Spare Spoons Kitchen
A free-form tart that plays to firm fruit — the slices stay distinct and just barely soften in the oven. No pie dish, very forgiving.
The number-one galette failure is a soggy bottom from too much juice. Macerate the fruit, then lift it out with a slotted spoon and leave the pooled liquid behind. The cornstarch sets whatever juice clings to the slices.
Firm fruit is an advantage — it sheds less liquid than soft fruit would. Slice it a touch thinner (about ¼ inch) so it cooks through in the open center.

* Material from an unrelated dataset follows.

(* Let $\mathcal{A}$ be a central and essential arrangement in $\mathbb{Q}^l$ as in the context, let $\sigma$ be a term ordering, $p$ a prime, and $1\le i<j\le n$. If $(\alpha_i)_p=\beta(\alpha_j)_p$ for some $\beta\in\mathbb{F}_p\setminus\{0\}$, then $p$ is not $\sigma$-lucky for the ideal $\langle\alpha_i,\alpha_j\rangle\subseteq\mathbb{Z}[x_1,\dots,x_l]$.
   Context: $\mathcal{A}=\{H_1,\dots,H_n\}$: $n$ distinct linear hyperplanes in $\mathbb{Q}^l$ with $\bigcap H_i=\{0\}$, $H_i=\{\alpha_i=0\}$, $\alpha_i\in\mathbb{Z}[x_1,\dots,x_l]$ a nonzero linear form whose coefficients are not all divisible by any prime (so $\alpha_i,\alpha_j$ are not scalar multiples of one another for $i\ne j$). $(\alpha_i)_p$ is the reduction of $\alpha_i$ mod $p$. For a term ordering $\sigma$ and nonzero $f\in\mathbb{Z}[x_1,\dots,x_l]$, $\mathrm{LT}_\sigma(f)$ is the $\sigma$-largest term, $\mathrm{LC}_\sigma(f)$ its coefficient, $\mathrm{LM}_\sigma(f)=\mathrm{LC}_\sigma(f)\mathrm{LT}_\sigma(f)$. A minimal strong $\sigma$-Gröbner basis of an ideal $I\subseteq\mathbb{Z}[x_1,\dots,x_l]$ is a finite generating set $G$ of nonzero elements of $I$ such that every nonzero $f\in I$ has $\mathrm{LM}_\sigma(f)$ divisible by some $\mathrm{LM}_\sigma(g)$, $g\in G$, and no $\mathrm{LM}_\sigma(g)$ divides $\mathrm{LM}_\sigma(g')$ for distinct $g,g'\in G$; the set of leading coefficients is independent of the choice. $p$ is $\sigma$-lucky for $I$ if $p$ divides none of these leading coefficients. *)

theory Defs
  imports Complex_Main "HOL-Library.Poly_Mapping" "HOL-Computational_Algebra.Primes"
begin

Keep everything cold for a flaky crust — dough, butter, even the bowl. If the kitchen is warm, chill the shaped galette 15 minutes before it bakes.
The roll-out size and number of rounds update with the slice count, holding the crust at about ⅛ inch: it stays a single galette through 9 slices, then splits into two so no round outgrows a half-sheet pan.
Don't rush the cool. The juices are liquid straight from the oven and need the rest to set into something sliceable. A spoonful of the reserved macerating juice, reduced in a small pan, makes a fine glaze if you skip the jam.
Vegan / dairy-free: use cold vegan butter (a block, not a soft spread) in the dough, kept cold; brush the crust with plant milk + a little maple syrup (or aquafaba) instead of egg wash for browning. The fruit filling is already vegan.
Gluten-free: a 1:1 GF pastry blend (one with xanthan). Chill well and handle gently — GF dough is more fragile and less forgiving of rerolling.